Right after Mary Oliver died, I spent time poring over her words, as you may have, as well. And something about that poignancy of reading her in the immediate wake of her last breath created in me a veritable flood of words. For 4 or 5 days I was in a soup of language, marinating in the simplicity of sounds, and the haphazard crashing together of phonemes and morphemes that just seemed to fit together in some mystical order.

The more complex component, of actually sorting out what the meanings were underneath the words, vexed me less than usual. I had this sense (note that I speak in past tense - it's slipping out of my hands) that it didn't matter a fig if I knew what I was talking about, because the words came barreling down the track like a freight train.

I was simply in a flow of creating, and I lost myself in it, and it was good.

I did not exactly feel grief that she had died, nor was I in some swoon of gratitude for the gifts that she gave to the world. I was just more intensely aware of how magnificent a job she did at handling the world with grace and grit, the tenderest kind of grit and the most honest expression of grace. I became more fiercely aware of how important it is to cleave off the parts of life that are not alive anymore, and how the life force gets strangled when we hold too tightly to anything.

Someone said once, "Your no gives you your yes," and I have a lot of gratitude for whoever that was. Mary seemed to say no easily, in so many ways. She learned not to add things that were not necessary, to not mess with baubles and trinkets or too much sweetener. And that gave her space, so much space, and nature abhors a vacuum.

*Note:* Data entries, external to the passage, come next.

(* (1) Invariance: if $t\to_w u$ then $t\equiv_S u$. (2) Compatibility: if $t\equiv_S u$ then $C\langle t\rangle\equiv_S C\langle u\rangle$ for every context $C$.
   Context: Terms: $t ::= x \mid \lambda x.t \mid t\,u \mid t[x\backslash u]$ ($t[x\backslash u]$ an explicit substitution binding $x$ in $t$; terms up to $\alpha$). Values $v ::= \lambda x.t$. Substitution contexts $S ::= \langle\cdot\rangle\mid S[x\backslash u]$. Weak contexts $W ::= \langle\cdot\rangle \mid W\,t \mid t\,W \mid t[x\backslash W] \mid W[x\backslash u]$; $W\langle\langle t\rangle\rangle$ is plugging without capture of free variables of $t$. Root rules: $S\langle\lambda x.t\rangle u\mapsto_m S\langle t[x\backslash u]\rangle$; $W\langle\langle x\rangle\rangle[x\backslash u]\mapsto_e W\langle\langle u\rangle\rangle[x\backslash u]$; $t[x\backslash S\langle v\rangle]\mapsto_{gcv} S\langle t\rangle$ if $x\notin\mathrm{fv}(t)$. $\to_w$ is the union of their closures under weak contexts. A context $C$ is a term with exactly one hole anywhere. Contextual equivalence $\equiv_S$: $t\equiv_S u$ iff for every context $C$ such that $C\langle t\rangle$ and $C\langle u\rangle$ are closed, $C\langle t\rangle$ is weakly $\to_w$-normalizing iff $C\langle u\rangle$ is. *)

theory Defs
  imports Main
begin

text \<open>Terms up to alpha-equivalence, represented with de Bruijn indices.
  ES t u is the explicit substitution t[x\u], where x is index 0 bound in t.\<close>

datatype trm = Var nat | Lam trm | App trm trm | ES trm trm

fun ext :: "(nat \<Rightarrow> nat) \<Rightarrow> nat \<Rightarrow> nat" where
  "ext f 0 = 0"
| "ext f (Suc n) = Suc (f n)"

fun ren :: "(nat \<Rightarrow> nat) \<Rightarrow> trm \<Rightarrow> trm" where
  "ren f (Var n) = Var (f n)"
| "ren f (Lam t) = Lam (ren (ext f) t)"
| "ren f (App t u) = App (ren f t) (ren f u)"
| "ren f (ES t u) = ES (ren (ext f) t) (ren f u)"

definition lift :: "nat \<Rightarrow> trm \<Rightarrow> trm" where
  "lift k t = ren (\<lambda>n. n + k) t"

One of the things I heard Mary Oliver say, thanks to Krista Tippett's On Being, is that a poem is nothing if it isn't given to the world. That's not exactly how she said it, but the message was clear - a poem is an exchange. It cannot live inside a cage of self-scrutiny, and the nutrients inside it need to be taken apart by someone else's digestive system, if there is to be any value to it. So I've sprung some poems into the world and here they are, roaming about. Hopefully they will be seeds that will sprout into something nourishing for someone, somewhere.

For any of us who had our lives saved by her gentle handling of the world, in words and actions, we now get the opportunity to simply save ourselves. Maybe that's a prayer for you, or a finally honest howl of grief, a nakedness, or the simple remembering to pay attention. Whatever it is, don't delay. Put everything, even the broken bones, on the table. Every ship is sailing soon.

5

Mary Oliver

It has been 5 days since she slipped into the watery space beyond time,

beyond the fractiousness of being in a body, with a name, a path, and a pen.

She did it better than most--

she truly did save her own life, the only one available for saving.

The way she held this world in her hands

managed to be a rejoicing of all of this, and the beyond, at once.

Some people come by their joy honestly, through fierce determination.

Her time here was not without tumult.

Her guts churned like everyone else's,

and the hallowed halls of her memories reeled with sorrows.

Her childhood, when she defined it charitably,

was insufficient,

and those whom she loved most, earliest on,

gave her boxes of rage

to unpack

for days upon days, years upon years.

But the fields of the world, and all places beyond walls

unfolded for her, as she stood there on her stoop.

The world offered itself

to her open hands,

and her endless imagination.

The creatures came nearer to her than to most of us

flying things let her see their wildness

and she could watch the smallest gestures of the beasts and know things

unknowable

The sky seemed to slough off its covers for her,

and rivers carried her as far as she would like to go.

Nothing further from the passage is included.